Understanding these emotional currents is therefore critical for modern businesses. Sentiment analysis transforms raw textual chatter into measurable, strategic insight—empowering companies to react faster, market smarter, and communicate better.

### OBJECTIVES

The main goals of the project are to:

1. Develop a Natural Language Processing (NLP) model that classifies tweets related to Apple and Google as *positive*, *negative*, or *neutral*.  
2. Preprocess and transform raw text into machine-readable features using tokenization, normalization, stopword removal, and TF-IDF vectorization.  
3. Evaluate multiple machine learning algorithms to identify the most accurate and interpretable classifier.  
4. Generate data-driven insights about brand sentiment patterns to support business and marketing decisions.  
5. Lay the groundwork for an automated brand intelligence system capable of tracking sentiment across multiple platforms and industries.

### SUCCESS METRICS

Success will be defined through a mix of technical and business outcomes:

- **Model Performance:** Achieving at least 80% F1-score across sentiment classes.  
- **Data Integrity:** Clean, balanced, and reproducible dataset suitable for future extensions.  
- **Interpretability:** Ability to visualize top sentiment-driving words and phrases for explainability.  
- **Insight Quality:** Sentiment trends that clearly reflect real-world brand perceptions.  
- **Scalability:** Modular design allowing future integration with streaming APIs for live monitoring.

### STAKEHOLDERS

The beneficiaries of this undertaking include:
  
- **Marketing Analysts:** Use sentiment insights to understand public opinion and campaign impact.  
- **Product Managers:** Monitor consumer feedback and sentiment shifts after product launches.  
- **Executives & Decision Makers:** Leverage findings to inform strategic brand and communication strategies.
- **Data Science & NLP Teams:** Responsible for model design, feature engineering, and evaluation.  
- **Research & Development Teams:** Explore applications of the model in broader domains like product reviews, customer feedback, and crisis management.

#### RELEVANCE

TechTones bridges the gap between data and perception. It shows how machine learning can turn the chaos of social media into structured intelligence; helping organizations not only track how people feel, but also why they feel that way.
This project highlights the growing role of NLP in business strategy, reputation management, and competitive intelligence, providing a strong proof of concept for sentiment analysis as a key driver of modern data-driven decision-making.

## DATA UNDERSTANDING
 
The dataset used in this project is sourced from [CrowdFlower](https://data.world/crowdflower/brands-and-product-emotions) and contains over 9,000 Tweets referencing Apple and Google products. Each Tweet has been annotated with information identifying the product or brand mentioned and the emotion expressed toward it. It offers a real-world foundation for supervised sentiment analysis in Natural Language Processing (NLP). 

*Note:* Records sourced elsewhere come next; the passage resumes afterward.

(* Let $A$ be a linear Nakayama algebra and $M$ an indecomposable $A$-module with $\operatorname{char}M=(z_1,\dots,z_m)$. Then every non-zero subfactor $X$ of $M$ satisfies $\operatorname{pd}X\le1+\max_i z_i$.
   Context: A linear Nakayama algebra is a basic $kQ/I$ ($k$ a field) with $Q$ a linearly oriented path; it has finite global dimension; modules are finitely generated left modules and indecomposables are uniserial. An indecomposable module is even/odd according to the parity of its projective dimension. For indecomposable $M$ with composition factors $F_1=\operatorname{soc}M,\dots,F_m=\operatorname{top}M$ (from bottom to top), $\operatorname{char}M=(z_1,\dots,z_m)$ with $z_i=\operatorname{pd}F_i$ if $F_i$ is odd and $z_i=\operatorname{pd}M$ if $F_i$ is even. A subfactor of $M$ is a module $M_2/M_1$ with $M_1\subseteq M_2\subseteq M$ submodules. *)

theory Defs
  imports Main
begin

(* Combinatorial model of a linear Nakayama algebra A = kQ/I, Q : 0 -> 1 -> ... -> n-1,
   via its Kupisch series c.  P_i = M(i, c i) has composition factors
   S_i (top), S_(i+1), ..., S_(i + c i - 1) (socle).
   Indecomposable modules (all uniserial) are M(i,l) with i < n, 1 <= l <= c i:
   top S_i, composition factors S_i, ..., S_(i+l-1), socle S_(i+l-1). *)

definition kupisch :: "nat \<Rightarrow> (nat \<Rightarrow> nat) \<Rightarrow> bool" where
  "kupisch n c \<longleftrightarrow> n \<ge> 1 \<and> (\<forall>i<n. c i \<ge> 1) \<and> c (n - 1) = 1
     \<and> (\<forall>i. i + 1 < n \<longrightarrow> c i \<le> c (i + 1) + 1)"

definition indec :: "nat \<Rightarrow> (nat \<Rightarrow> nat) \<Rightarrow> nat \<times> nat \<Rightarrow> bool" where
  "indec n c M \<longleftrightarrow> fst M < n \<and> 1 \<le> snd M \<and> snd M \<le> c (fst M)"

(* Projective dimension of M(i,l): projective iff l = c i; otherwise the syzygy is
   M(i+l, c i - l) (kernel of the projective cover P_i -> M(i,l)). *)
function pd :: "nat \<Rightarrow> (nat \<Rightarrow> nat) \<Rightarrow> nat \<Rightarrow> nat \<Rightarrow> nat" where
  "pd n c i l = (if n \<le> i \<or> l = 0 \<or> c i \<le> l then 0
                 else Suc (pd n c (i + l) (c i - l)))"
  by pat_completeness auto
termination
  by (relation "measure (\<lambda>(n, c, i, l). n - i)") auto

definition pdM :: "nat \<Rightarrow> (nat \<Rightarrow> nat) \<Rightarrow> nat \<times> nat \<Rightarrow> nat" where
  "pdM n c M = pd n c (fst M) (snd M)"

(* char M = (z_1,...,z_m), listed from the socle F_1 = S_(i+l-1) up to the top F_m = S_i;
   simple S_j = M(j,1). *)
definition charM :: "nat \<Rightarrow> (nat \<Rightarrow> nat) \<Rightarrow> nat \<times> nat \<Rightarrow> nat list" where
  "charM n c M = map (\<lambda>j. if odd (pd n c j 1) then pd n c j 1 else pdM n c M)
                    (rev [fst M..<fst M + snd M])"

It contains the following features with their descriptions:

| Feature | Description |
|--------------|----------------|
| tweet_text | The full text of each Tweet referencing Apple or Google products. |
| emotion_in_tweet_is_directed_at | The product or brand mentioned (e.g iPhone, iPad, Google, iPad/iPhone App). |
| is_there_an_emotion_directed_at_a_brand_or_product | The annotated sentiment label -> *Positive emotion*, *Negative emotion*, or *No emotion toward brand or product*. |

This schema supports a supervised learning setup where tweet_text acts as the input feature and is_there_an_emotion_directed_at_a_brand_or_product serves as the target variable for classification.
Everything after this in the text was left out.